Anyone who works in computer security knows that they should enable two-factor authentication (2FA) on their accounts.
2FA provides an extra layer of security. A hacker might be able to guess, steal, or brute force the password to your account, but they won’t be able to gain access unless they also have a time-based one-time password.
So why didn’t Mandiant adopt 2FA to protect its Twitter account (which was hacked last week for promoting a cryptocurrency scam)?
Mandiant promised in the wake of the hack to share details of what happened, and — true to its word — it That’s what it does.
But Mandiant’s explanation of how he was hacked raises more questions.
We have completed our investigation into the Mandiant X account last week
took over and determined that this might be a brute force password attack,
Only for this single account.
They seem to be saying that someone tried over and over again to break into Mandiant’s Twitter account, or rather, used a computer to do it for them… and eventually they got lucky.
If that’s the case, you have to wonder how long and complex Mandiant’s Twitter password is.
Presumably Mandiant has changed the password by now, so why don’t they tell us what the password is? If we knew how much effort a hacker would have to put in to crack Mandiant’s password, and how long it might take, maybe we could all learn something.
postscript. “possible”? It sounds like Mandiant isn’t sure.
My guess is that Mandiant’s Twitter account may have been hacked in a similar manner to CertiK, another company that was hacked around the same time.
In this case, the hacker contacted CertiK, posing as Forbes reporter, and tricked an employee into clicking on a link that pretended to be an interview calendar scheduling link.
Anyway, let’s take a closer look at what Mandiant has to say about its security breach:
Normally 2FA would mitigate this, but due to some team transitions and changes in X 2FA policy, we are not fully protected. We have made changes to our processes to ensure this does not happen again.
Well, there is a carefully worded sentence! Mandiant seems to be deliberately avoiding saying that its Twitter account doesn’t have 2FA enabled, but that’s the only way I can explain it.
I think it would be quite embarrassing for a cybersecurity company to admit that they don’t have 2FA enabled.

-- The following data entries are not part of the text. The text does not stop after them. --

(* Let $\mathcal C$ be a clustering problem, and let $P\in\mathcal P(\mathcal X)^K$ with $\tfrac12\ge p_{\min}=\min_{i\in[K]}\min_{a\in\mathcal X}P_i(a)>0$. Let $\epsilon\in(0,p_{\min}/2)$. Then for all $Q\in\mathcal P(\mathcal X)^K$ with $\|P-Q\|_\infty\le\epsilon$, all $w\in\mathrm{int}(\Sigma_K)$ and all $\sigma\in\mathcal C$, $$|g_P^\sigma(w)-g_Q^\sigma(w)|\le E\epsilon,\qquad |G_P^\sigma(w)-G_Q^\sigma(w)|\le E\epsilon,\qquad E=|\mathcal X|\log\frac{2-p_{\min}}{p_{\min}}.$$
   Context: Framework. Let $\mathcal X$ be a finite alphabet with $|\mathcal X|\ge2$, $\mathcal P(\mathcal X)$ the set of probability distributions on $\mathcal X$, and $K\ge2$ an integer (number of arms); $[n]=\{1,\dots,n\}$. A hypothesis is a collection $\sigma=\{\mathcal A_1^\sigma,\dots,\mathcal A_{M_\sigma}^\sigma\}$ ($M_\sigma\ge1$) of pairwise disjoint subsets of $[K]$, each of cardinality at least 2 (clusters). A clustering problem is a finite set $\mathcal C$ of hypotheses with $|\mathcal C|\ge2$. For $P,Q\in\mathcal P(\mathcal X)^K$, $\|P-Q\|_\infty=\max_{i\in[K]}\max_{a\in\mathcal X}|P_i(a)-Q_i(a)|$. Functions. $D(P\|Q)$ is the KL divergence. $\Sigma_K=\{w\in\mathbb R^K: w_i\ge0,\sum_iw_i=1\}$, $\mathrm{int}(\Sigma_K)$ its relative interior (all $w_i>0$). For $\mathcal A\subseteq[K]$, $G(P_{\mathcal A},w_{\mathcal A})=0$ if $w_i=0$ for all $i\in\mathcal A$, and otherwise $G(P_{\mathcal A},w_{\mathcal A})=\sum_{i\in\mathcal A}w_iD(P_i\|W)$ with $W=\sum_{i\in\mathcal A}w_iP_i/\sum_{i\in\mathcal A}w_i$. For $\sigma\in\mathcal C$, $g_P^\sigma(w)=\sum_{m=1}^{M_\sigma}G(P_{\mathcal A_m^\sigma},w_{\mathcal A_m^\sigma})$ and $G_P^\sigma(w)=\min_{\sigma'\in\mathcal C\setminus\{\sigma\}}g_P^{\sigma'}(w)$. *)

theory Defs
  imports "HOL-Analysis.Analysis"
begin

text \<open>A distribution on 'x is a function 'x => real, nonnegative, summing to 1.
  A vector of K distributions is a function nat => 'x => real (only arms in {1..K} matter).\<close>

definition is_dist :: "('x::finite \<Rightarrow> real) \<Rightarrow> bool" where
  "is_dist p \<longleftrightarrow> (\<forall>a. p a \<ge> 0) \<and> (\<Sum>a\<in>UNIV. p a) = 1"

definition is_dist_vec :: "nat \<Rightarrow> (nat \<Rightarrow> 'x::finite \<Rightarrow> real) \<Rightarrow> bool" where
  "is_dist_vec K P \<longleftrightarrow> (\<forall>i\<in>{1..K}. is_dist (P i))"

definition KL :: "('x::finite \<Rightarrow> real) \<Rightarrow> ('x \<Rightarrow> real) \<Rightarrow> real" where
  "KL p q = (\<Sum>a\<in>UNIV. if p a = 0 then 0 else p a * ln (p a / q a))"

definition sup_dist :: "nat \<Rightarrow> (nat \<Rightarrow> 'x::finite \<Rightarrow> real) \<Rightarrow> (nat \<Rightarrow> 'x \<Rightarrow> real) \<Rightarrow> real" where
  "sup_dist K P Q = Max {\<bar>P i a - Q i a\<bar> | i a. i \<in> {1..K}}"

definition p_min :: "nat \<Rightarrow> (nat \<Rightarrow> 'x::finite \<Rightarrow> real) \<Rightarrow> real" where
  "p_min K P = Min {P i a | i a. i \<in> {1..K}}"

definition int_simplex :: "nat \<Rightarrow> (nat \<Rightarrow> real) \<Rightarrow> bool" where
  "int_simplex K w \<longleftrightarrow> (\<forall>i\<in>{1..K}. w i > 0) \<and> (\<Sum>i\<in>{1..K}. w i) = 1"

definition is_hypothesis :: "nat \<Rightarrow> nat set set \<Rightarrow> bool" where
  "is_hypothesis K \<sigma> \<longleftrightarrow> \<sigma> \<noteq> {} \<and>
     (\<forall>A\<in>\<sigma>. A \<subseteq> {1..K} \<and> card A \<ge> 2) \<and>
     (\<forall>A\<in>\<sigma>. \<forall>B\<in>\<sigma>. A \<noteq> B \<longrightarrow> A \<inter> B = {})"

definition clustering_problem :: "nat \<Rightarrow> nat set set set \<Rightarrow> bool" where
  "clustering_problem K C \<longleftrightarrow> finite C \<and> card C \<ge> 2 \<and> (\<forall>\<sigma>\<in>C. is_hypothesis K \<sigma>)"

definition Gclust :: "(nat \<Rightarrow> 'x::finite \<Rightarrow> real) \<Rightarrow> (nat \<Rightarrow> real) \<Rightarrow> nat set \<Rightarrow> real" where
  "Gclust P w A =
     (if (\<forall>i\<in>A. w i = 0) then 0
      else (let W = (\<lambda>a. (\<Sum>i\<in>A. w i * P i a) / (\<Sum>i\<in>A. w i))
            in (\<Sum>i\<in>A. w i * KL (P i) W)))"

definition g_hyp :: "(nat \<Rightarrow> 'x::finite \<Rightarrow> real) \<Rightarrow> nat set set \<Rightarrow> (nat \<Rightarrow> real) \<Rightarrow> real" where
  "g_hyp P \<sigma> w = (\<Sum>A\<in>\<sigma>. Gclust P w A)"

definition G_hyp :: "nat set set set \<Rightarrow> (nat \<Rightarrow> 'x::finite \<Rightarrow> real) \<Rightarrow> nat set set \<Rightarrow> (nat \<Rightarrow> real) \<Rightarrow> real" where
  "G_hyp C P \<sigma> w = Min ((\<lambda>\<sigma>'. g_hyp P \<sigma>' w) ` (C - {\<sigma>}))"

end

theory Submission
  imports Defs
begin

text \<open>With \<open>p = p_min K P\<close>, every entry of \<open>P\<close> lies in \<open>[p, 1 - p]\<close>, so the entries of \<open>P\<close>, of \<open>Q\<close>
  and of their weighted mixtures lie in the band \<open>[p/2, 1 - p/2]\<close>. A cluster term equals
  \<open>\<Sum> w\<^sub>i H(P\<^sub>i) - (\<Sum> w\<^sub>i) H(W)\<close> with \<open>H(u) = \<Sum>\<^sub>a u\<^sub>a ln u\<^sub>a\<close> and \<open>W\<close> the mixture, and on the band
  \<open>H\<close> is Lipschitz in the sup norm with constant \<open>|X| ln((2 - p)/p) / 2\<close>. Summing over disjoint
  clusters costs total weight at most 1, and the minimum over the other hypotheses is
  1-Lipschitz.\<close>

lemma xlnx_shift_diff_le:
  fixes lo hi c x y :: real
  assumes "0 < lo" "c = (ln lo + ln hi) / 2" "x \<in> {lo..hi}" "y \<in> {lo..hi}"
  shows "\<bar>(x * ln x - (1 + c) * x) - (y * ln y - (1 + c) * y)\<bar> \<le> (ln hi - ln lo) / 2 * \<bar>x - y\<bar>"
proof -
  have "norm ((\<lambda>t. t * ln t - (1 + c) * t) x - (\<lambda>t. t * ln t - (1 + c) * t) y)
        \<le> (ln hi - ln lo) / 2 * norm (x - y)"
  proof (rule field_differentiable_bound[where S = "{lo..hi}"])
    fix z assume z: "z \<in> {lo..hi}"
    then show "((\<lambda>t. t * ln t - (1 + c) * t) has_field_derivative ln z - c) (at z within {lo..hi})"
      using assms(1) by (auto intro!: derivative_eq_intros)
    have "ln lo \<le> ln z" "ln z \<le> ln hi" using z assms(1) by auto
    then show "norm (ln z - c) \<le> (ln hi - ln lo) / 2"
      unfolding real_norm_def abs_le_iff using assms(2) by (auto simp: field_simps)
  qed (use assms in auto)
  then show ?thesis by simp
qed

definition neg_entropy :: "('x::finite \<Rightarrow> real) \<Rightarrow> real" where
  "neg_entropy u = (\<Sum>a\<in>UNIV. u a * ln (u a))"
(* Let $g(x)=\sum_{n\ge 1}\frac{2\,(4n+1)!}{(n+1)!\,(3n+2)!}\,x^n$, regarded as a formal power series. Then $$\lim_{n\to\infty}\frac{[x^n]\,(g(x))^2}{[x^n]\,g(x)}=\frac{10}{27}.$$
   Context: For a formal power series $f(x)$, $[x^n]f(x)$ denotes the coefficient of $x^n$ in $f(x)$. *)

theory Defs
  imports "HOL-Computational_Algebra.Formal_Power_Series"
begin

definition g_fps :: "real fps" where
  "g_fps = Abs_fps (\<lambda>n. if n = 0 then 0
      else 2 * fact (4*n+1) / (fact (n+1) * fact (3*n+2)))"

end

theory Submission
  imports Defs "HOL-Real_Asymp.Real_Asymp"
begin

text \<open>Let \<open>B(x)\<close> be the generalized binomial series, \<open>B = 1 + x B\<^sup>4\<close>. Its real powers have
  coefficients \<open>[x\<^sup>n] B\<^sup>a = a/(4n+a) \<cdot> binom(4n+a, n)\<close> and satisfy \<open>B\<^sup>a B\<^sup>b = B\<^sup>a\<^sup>+\<^sup>b\<close>
  (Hagen--Rothe convolution). Comparing coefficients gives \<open>x g = 3B\<^sup>-\<^sup>1 - 2B\<^sup>-\<^sup>2 - 1 - x\<close>, so
  \<open>x\<^sup>2 g\<^sup>2\<close> is a combination of \<open>B\<^sup>-\<^sup>1, ..., B\<^sup>-\<^sup>4\<close>, \<open>x B\<^sup>-\<^sup>1\<close>, \<open>x B\<^sup>-\<^sup>2\<close> and a polynomial. At negative
  integers \<open>a\<close> these coefficients are hypergeometric terms of the same kind as \<open>[x\<^sup>n] g\<close>, so
  \<open>[x\<^sup>n] g\<^sup>2 / [x\<^sup>n] g\<close> is eventually a rational function of \<open>n\<close>, with limit \<open>10/27\<close>.\<close>

text \<open>\<open>gen_binomial_coeff t n x = [z\<^sup>n] B\<^sub>t(z)\<^sup>x = x/(tn+x) \<cdot> binom(tn+x, n)\<close>, where \<open>B\<^sub>t = 1 + z B\<^sub>t\<^sup>t\<close>;
  the product form avoids the division by \<open>tn+x\<close>.\<close>

fun gen_binomial_coeff :: "nat \<Rightarrow> nat \<Rightarrow> real \<Rightarrow> real" where
  "gen_binomial_coeff t 0 x = 1"
| "gen_binomial_coeff t (Suc m) x =
     x * pochhammer (x + (real t - 1) * real m + real t) m / fact (Suc m)"

lemma gen_binomial_coeff_diff:
  "gen_binomial_coeff t (Suc m) x - gen_binomial_coeff t (Suc m) (x - 1) =
   gen_binomial_coeff t m (x + real t - 1)"
proof (cases m)
  case 0
  then show ?thesis by simp
next
  case (Suc k)
  define a where "a = x + (real t - 1) * real k + 2 * real t - 1"
  have a_x: "x + (real t - 1) * real (Suc k) + real t = a"
    and a_x1: "x - 1 + (real t - 1) * real (Suc k) + real t = a - 1"
    and a_k: "x + real t - 1 + (real t - 1) * real k + real t = a"
    by (simp_all add: a_def algebra_simps)
  have "gen_binomial_coeff t (Suc m) x - gen_binomial_coeff t (Suc m) (x - 1) =
        (x * (a + real k) - (x - 1) * (a - 1)) * pochhammer a k / fact (Suc (Suc k))"
    unfolding Suc gen_binomial_coeff.simps a_x a_x1 pochhammer_rec'[of a k]
    by (simp add: pochhammer_rec diff_divide_distrib[symmetric] algebra_simps)
  also have "\<dots> = (real k + 2) * ((x + real t - 1) * pochhammer a k) / ((real k + 2) * fact (Suc k))"
    by (simp add: a_def algebra_simps)
  also have "\<dots> = gen_binomial_coeff t m (x + real t - 1)"
    unfolding Suc gen_binomial_coeff.simps a_k by simp
  finally show ?thesis .
qed

lemma gen_binomial_coeff_convolution:
  "(\<Sum>k\<le>n. gen_binomial_coeff t k x * gen_binomial_coeff t (n - k) (of_int j)) =
   gen_binomial_coeff t n (x + of_int j)"
proof (induction n arbitrary: j)
  case 0
  then show ?case by simp
next
  case (Suc n)
  define D where "D y = (\<Sum>k\<le>Suc n. gen_binomial_coeff t k x * gen_binomial_coeff t (Suc n - k) y)
    - gen_binomial_coeff t (Suc n) (x + y)" for y
  have D_diff: "D y - D (y - 1) =
      (\<Sum>k\<le>n. gen_binomial_coeff t k x * gen_binomial_coeff t (n - k) (y + real t - 1))
      - gen_binomial_coeff t n (x + y + real t - 1)" for y
  proof -
    have split: "(\<Sum>k\<le>Suc n. gen_binomial_coeff t k x * gen_binomial_coeff t (Suc n - k) z) =
        (\<Sum>k\<le>n. gen_binomial_coeff t k x * gen_binomial_coeff t (Suc (n - k)) z)
        + gen_binomial_coeff t (Suc n) x" for z
      by (simp add: Suc_diff_le)
    have "D y - D (y - 1) =
        (\<Sum>k\<le>n. gen_binomial_coeff t k x *
           (gen_binomial_coeff t (Suc (n - k)) y - gen_binomial_coeff t (Suc (n - k)) (y - 1)))
        - (gen_binomial_coeff t (Suc n) (x + y) - gen_binomial_coeff t (Suc n) (x + y - 1))"
      unfolding D_def split
      by (simp add: sum_subtractf right_diff_distrib add_diff_eq del: gen_binomial_coeff.simps)
    then show ?thesis
      by (simp only: gen_binomial_coeff_diff)
  qed
  have D_step: "D (of_int i) = D (of_int i - 1)" for i
    using D_diff[of "of_int i"] Suc.IH[of "i + int t - 1"] by (simp add: algebra_simps)
  have "D 0 = 0"
    by (simp add: D_def Suc_diff_le)
  have "D (of_int i) = 0" for i
  proof (induction i rule: int_induct[where k = 0])
    case base
    then show ?case using \<open>D 0 = 0\<close> by simp
  next
    case (step1 i)
    then show ?case using D_step[of "i + 1"] by simp
  next
    case (step2 i)
    then show ?case using D_step[of i] by simp
  qed
  then show ?case by (simp add: D_def)
qed

definition gen_binomial_fps :: "nat \<Rightarrow> real \<Rightarrow> real fps" where
  "gen_binomial_fps t x = Abs_fps (\<lambda>n. gen_binomial_coeff t n x)"

lemma fps_nth_gen_binomial_fps [simp]: "fps_nth (gen_binomial_fps t x) n = gen_binomial_coeff t n x"
  by (simp add: gen_binomial_fps_def)

lemma gen_binomial_fps_mult:
  "gen_binomial_fps t x * gen_binomial_fps t (of_int j) = gen_binomial_fps t (x + of_int j)"
  by (rule fps_ext) (simp add: fps_mult_nth atLeast0AtMost gen_binomial_coeff_convolution)

lemma fact_add_eq_fact_mult_pochhammer:
  "fact (k + j) = (fact k :: 'a :: {comm_semiring_1, semiring_char_0}) * pochhammer (of_nat k + 1) j"
proof -
  have "(fact (k + j) :: 'a) = pochhammer 1 (k + j)"
    by (simp add: pochhammer_fact)
  also have "\<dots> = pochhammer 1 k * pochhammer (of_nat k + 1) j"
    by (simp add: pochhammer_product' add.commute[of 1])
  finally show ?thesis
    by (simp add: pochhammer_fact)
qed

lemma gen_binomial_coeff_minus_of_nat:
  assumes "r \<le> (t - 1) * Suc m"
  shows "gen_binomial_coeff t (Suc m) (- real r) =
    - real r * fact (t * Suc m - 1 - r) / (fact ((t - 1) * Suc m - r) * fact (Suc m))"
proof (cases "r = 0")
  case True
  then show ?thesis by simp
next
  case False
  with assms obtain u where t: "t = Suc u"
    by (cases t) auto
  define a where "a = u * Suc m - r"
  have "- real r + (real t - 1) * real m + real t = real a + 1"
    using assms by (simp add: a_def t algebra_simps)
  moreover have "t * Suc m - 1 - r = a + m" "(t - 1) * Suc m - r = a"
    using assms by (simp_all add: a_def t)
  ultimately show ?thesis
    by (simp add: fact_add_eq_fact_mult_pochhammer[of a m])
qed

definition gen_binomial_g_ratio :: "nat \<Rightarrow> nat \<Rightarrow> nat \<Rightarrow> real" where
  "gen_binomial_g_ratio s r n =
    - real r * (3 * real n + 2) * pochhammer (4 * real n + 2) (4 * s + 2 - r)
    / (2 * pochhammer (3 * real n + 2) (3 * s + 2 - r) * pochhammer (real n + 2) s)"

lemma fps_nth_g_fps: "n \<ge> 1 \<Longrightarrow>
  fps_nth g_fps n = 2 * fact (4 * n + 1) / ((3 * real n + 2) * fact (3 * n + 1) * fact (n + 1))"
  by (simp add: g_fps_def fact_reduce[of "3 * n + 2"] algebra_simps)

lemma gen_binomial_coeff_over_g:
  assumes "n \<ge> 1" "r \<le> 3 * s + 2"
  shows "gen_binomial_coeff 4 (n + s + 1) (- real r) / fps_nth g_fps n = gen_binomial_g_ratio s r n"
proof -
  have "4 * Suc (n + s) - 1 - r = (4 * n + 1) + (4 * s + 2 - r)"
    using assms(2) by simp
  then have F1: "(fact (4 * Suc (n + s) - 1 - r) :: real) =
      fact (4 * n + 1) * pochhammer (4 * real n + 2) (4 * s + 2 - r)"
    by (simp only: fact_add_eq_fact_mult_pochhammer) (simp add: algebra_simps)
  have "(4 - 1) * Suc (n + s) - r = (3 * n + 1) + (3 * s + 2 - r)"
    using assms(2) by simp
  then have F2: "(fact ((4 - 1) * Suc (n + s) - r) :: real) =
      fact (3 * n + 1) * pochhammer (3 * real n + 2) (3 * s + 2 - r)"
    by (simp only: fact_add_eq_fact_mult_pochhammer) (simp add: algebra_simps)
  have "Suc (n + s) = (n + 1) + s"
    by simp
  then have F3: "(fact (Suc (n + s)) :: real) = fact (n + 1) * pochhammer (real n + 2) s"
    by (simp only: fact_add_eq_fact_mult_pochhammer) (simp add: algebra_simps)
  have coeff: "gen_binomial_coeff 4 (n + s + 1) (- real r) =
    - real r * (fact (4 * n + 1) * pochhammer (4 * real n + 2) (4 * s + 2 - r))
    / ((fact (3 * n + 1) * pochhammer (3 * real n + 2) (3 * s + 2 - r))
       * (fact (n + 1) * pochhammer (real n + 2) s))"
    using gen_binomial_coeff_minus_of_nat[of r 4 "n + s"] assms(2)
    unfolding F1 F2 F3 by simp
  have cancel: "a * (F1 * P1) / ((F2 * P2) * (F3 * P3)) / (2 * F1 / (b * F2 * F3)) =
      a * b * P1 / (2 * P2 * P3)"
    if "F1 \<noteq> 0" "F2 \<noteq> 0" "F3 \<noteq> 0" "b \<noteq> 0" for a b F1 F2 F3 P1 P2 P3 :: real
    using that by (simp add: field_simps)
  show ?thesis
    unfolding coeff fps_nth_g_fps[OF assms(1)] gen_binomial_g_ratio_def
    by (rule cancel) simp_all
qed

lemma fps_X_mult_g_fps:
  "fps_X * g_fps = 3 * gen_binomial_fps 4 (-1) - 2 * gen_binomial_fps 4 (-2) - 1 - fps_X"
proof (rule fps_ext)
  fix n :: nat
  consider "n = 0" | "n = 1" | m where "n = m + 1" "m \<ge> 1"
    by atomize_elim arith
  then show "fps_nth (fps_X * g_fps) n =
    fps_nth (3 * gen_binomial_fps 4 (-1) - 2 * gen_binomial_fps 4 (-2) - 1 - fps_X) n"
  proof cases
    case 3
    have "fps_nth g_fps m \<noteq> 0"
      using \<open>m \<ge> 1\<close> by (simp add: fps_nth_g_fps)
    then have c: "gen_binomial_coeff 4 (m + 1) (-1) = gen_binomial_g_ratio 0 1 m * fps_nth g_fps m"
      "gen_binomial_coeff 4 (m + 1) (-2) = gen_binomial_g_ratio 0 2 m * fps_nth g_fps m"
      using gen_binomial_coeff_over_g[of m 1 0] gen_binomial_coeff_over_g[of m 2 0] \<open>m \<ge> 1\<close>
      by (simp_all add: divide_eq_eq del: gen_binomial_coeff.simps)
    have "fps_nth (3 * gen_binomial_fps 4 (-1) - 2 * gen_binomial_fps 4 (-2) - 1 - fps_X) n =
        3 * gen_binomial_coeff 4 (m + 1) (-1) - 2 * gen_binomial_coeff 4 (m + 1) (-2)"
      using 3 by (simp add: fps_numeral_fps_const del: gen_binomial_coeff.simps)
    also have "\<dots> = (3 * gen_binomial_g_ratio 0 1 m - 2 * gen_binomial_g_ratio 0 2 m) * fps_nth g_fps m"
      unfolding c by (simp only: left_diff_distrib mult.assoc)
    also have "3 * gen_binomial_g_ratio 0 1 m - 2 * gen_binomial_g_ratio 0 2 m = 1"
      by (simp add: gen_binomial_g_ratio_def field_simps)
    finally show ?thesis
      using 3 by simp
  qed (simp_all add: g_fps_def fps_numeral_fps_const)
qed

lemma fps_X_power2_mult_g_fps_power2:
  defines "B \<equiv> \<lambda>r. gen_binomial_fps 4 (- of_nat r)"
  shows "fps_X^2 * g_fps^2 = 13 * B 2 + 4 * B 4 - 12 * B 3 - 6 * B 1
    - 6 * fps_X * B 1 + 4 * fps_X * B 2 + 1 + 2 * fps_X + fps_X^2"
proof -
  have "B 1 * B 1 = B 2" "B 1 * B 2 = B 3" "B 2 * B 2 = B 4"
    unfolding B_def using gen_binomial_fps_mult[of 4 "- 1" "- 1"]
      gen_binomial_fps_mult[of 4 "- 1" "- 2"] gen_binomial_fps_mult[of 4 "- 2" "- 2"]
    by simp_all
  moreover have "fps_X^2 * g_fps^2 = (3 * B 1 - 2 * B 2 - 1 - fps_X)^2"
    by (simp add: B_def fps_X_mult_g_fps power_mult_distrib[symmetric])
  ultimately show ?thesis
    by (simp add: power2_eq_square algebra_simps)
qed

lemma fps_nth_g_fps_power2:
  assumes "n \<ge> 1"
  shows "fps_nth (g_fps^2) n =
    13 * gen_binomial_coeff 4 (n + 2) (-2) + 4 * gen_binomial_coeff 4 (n + 2) (-4)
    - 12 * gen_binomial_coeff 4 (n + 2) (-3) - 6 * gen_binomial_coeff 4 (n + 2) (-1)
    - 6 * gen_binomial_coeff 4 (n + 1) (-1) + 4 * gen_binomial_coeff 4 (n + 1) (-2)"
proof -
  have "fps_nth (g_fps^2) n = fps_nth (fps_X^2 * g_fps^2) (n + 2)"
    by (simp add: fps_X_power_mult_nth)
  then show ?thesis
    unfolding fps_X_power2_mult_g_fps_power2 using assms
    by (simp add: fps_numeral_fps_const mult.assoc)
qed

text \<open>Each summand grows linearly in \<open>n\<close>; only the combination converges.\<close>

lemma gen_binomial_g_ratio_combination_limit:
  "(\<lambda>n. 13 * gen_binomial_g_ratio 1 2 n + 4 * gen_binomial_g_ratio 1 4 n
      - 12 * gen_binomial_g_ratio 1 3 n - 6 * gen_binomial_g_ratio 1 1 n
      - 6 * gen_binomial_g_ratio 0 1 n + 4 * gen_binomial_g_ratio 0 2 n) \<longlonglongrightarrow> 10 / 27"
  unfolding gen_binomial_g_ratio_def by (simp add: pochhammer_Suc eval_nat_numeral) real_asymp

theorem mainTheorem1:
  shows "(\<lambda>n. fps_nth (g_fps ^ 2) n / fps_nth g_fps n) \<longlonglongrightarrow> 10 / 27"
proof (rule Lim_transform_eventually[OF gen_binomial_g_ratio_combination_limit])
  show "\<forall>\<^sub>F n in sequentially.
    13 * gen_binomial_g_ratio 1 2 n + 4 * gen_binomial_g_ratio 1 4 n
      - 12 * gen_binomial_g_ratio 1 3 n - 6 * gen_binomial_g_ratio 1 1 n
      - 6 * gen_binomial_g_ratio 0 1 n + 4 * gen_binomial_g_ratio 0 2 n
    = fps_nth (g_fps ^ 2) n / fps_nth g_fps n"
    using eventually_ge_at_top[of 1]
  proof eventually_elim
    case (elim n)
    then show ?case
      using gen_binomial_coeff_over_g[of n 2 1] gen_binomial_coeff_over_g[of n 4 1]
        gen_binomial_coeff_over_g[of n 3 1] gen_binomial_coeff_over_g[of n 1 1]
        gen_binomial_coeff_over_g[of n 1 0] gen_binomial_coeff_over_g[of n 2 0]
      by (simp add: fps_nth_g_fps_power2 diff_divide_distrib add_divide_distrib)
  qed
qed

end
(* Let $\alpha$ be a unit-speed curve in $\mathbb{R}^3$ with nonvanishing curvature, let $\alpha_T$ be its tangent indicatrix with arc length $s_T$ and Frenet apparatus $\{T_T,N_T,B_T,\kappa_T,\tau_T\}$, and let $\beta$ be a Mannheim-direction curve of $\alpha_T$ (an $X$-direction curve of $\alpha_T$ with $N_\beta=B_T$). Then $$\frac{\tau_T}{\kappa_T}=\mp\,\frac{1}{\dfrac{\kappa_\beta^2}{(\kappa_\beta^2+\tau_\beta^2)^{3/2}}\,\dfrac{d}{ds_T}\Big(\dfrac{\tau_\beta}{\kappa_\beta}\Big)}.$$ That is, $\tau_T/\kappa_T$ equals this reciprocal up to sign.
   Context: Let $\alpha:I\subset\mathbb{R}\to\mathbb{R}^3$ be a unit-speed curve with curvature $\kappa>0$, torsion $\tau$ and Frenet frame $\{T,N,B\}$. The tangent indicatrix of $\alpha$ is the curve $\alpha_T=T$ on the unit sphere. Its arc length is $s_T=\int\kappa\,ds$. Its Frenet apparatus is $\{T_T,N_T,B_T,\kappa_T,\tau_T\}$, with $\frac{dT_T}{ds_T}=\kappa_TN_T$, $\frac{dN_T}{ds_T}=-\kappa_TT_T+\tau_TB_T$ and $\frac{dB_T}{ds_T}=-\tau_TN_T$. Let $x,y,z$ be real functions of $s_T$ with $x^2+y^2+z^2=1$, and set $X=xT_T+yN_T+zB_T$. An integral curve $\beta$ of $X$, meaning $d\beta/ds_T=X$, is an $X$-direction curve of $\alpha_T$. It has unit speed with arc length $s_T$. It is regarded as a Frenet curve with frame $\{T_\beta=X,N_\beta,B_\beta\}$, curvature $\kappa_\beta>0$ and torsion $\tau_\beta$. $\beta$ is a Mannheim-direction curve of $\alpha_T$ if $N_\beta=B_T$. *)

theory Defs
  imports "HOL-Analysis.Analysis"
begin

text \<open>Frenet apparatus of a space curve, with every function expressed in terms of a common
  parameter s ranging over I.  The derivative with respect to the curve's own arc length
  sigma is encoded by the chain rule: if d sigma / ds = v s, then
  d f / d sigma = (1 / v s) * d f / d s.  So the Frenet equations
  dT/dsigma = k N, dN/dsigma = -k T + t B, dB/dsigma = -t N become the equations below.\<close>

definition frenet_wrt ::
  "real set \<Rightarrow> (real \<Rightarrow> real) \<Rightarrow> (real \<Rightarrow> real^3) \<Rightarrow> (real \<Rightarrow> real^3) \<Rightarrow> (real \<Rightarrow> real^3)
    \<Rightarrow> (real \<Rightarrow> real) \<Rightarrow> (real \<Rightarrow> real) \<Rightarrow> bool" where
  "frenet_wrt I v T N B k t \<longleftrightarrow>
     (\<forall>s\<in>I. norm (T s) = 1 \<and> norm (N s) = 1 \<and> T s \<bullet> N s = 0 \<and> B s = cross3 (T s) (N s)
        \<and> k s > 0
        \<and> (T has_vector_derivative (v s * k s) *\<^sub>R N s) (at s)
        \<and> (N has_vector_derivative (v s) *\<^sub>R (- (k s *\<^sub>R T s) + t s *\<^sub>R B s)) (at s)
        \<and> (B has_vector_derivative (- (v s * t s)) *\<^sub>R N s) (at s))"

end

theory Submission
  imports Defs
begin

But then there’s the part about “Changes in 2FA policy for X” (X is the stupid name we should be using for Twitter now, but I’m not playing that game right now…).
My guess is that Mandiant is referring to changes to 2FA that Twitter announced last February. Twitter said it will remove SMS-based 2FA in March 2023 for all subscribers except paid Twitter Blue subscribers, and anyone who doesn’t want to lose access to Twitter will have to disable 2FA in advance.
At the time, I criticized Twitter’s decision, saying it would make it less safe for some users.
SMS-based 2FA is one of the weakest ways to implement 2FA (because of SIM swap attacks), but it’s still better than no 2FA.
It seems to me that Mandiant removed the SMS-based 2FA protection from its account (presumably out of fear that it would be locked out when Twitter only offered premium features) but never replaced it with a more robust alternative such as hardware it. Security key-based or application-based authenticator.
I know that setting up multi-factor authentication can get more complicated when you’re dealing with accounts used by teams rather than individuals, but there are ways around this. The truth is, there is no legitimate reason for any company (especially a security company) not to employ 2FA to protect their accounts.
Mandiant published a blog post about hackers and the CLINKSLINK wallet-exhausting malware linked to this attack.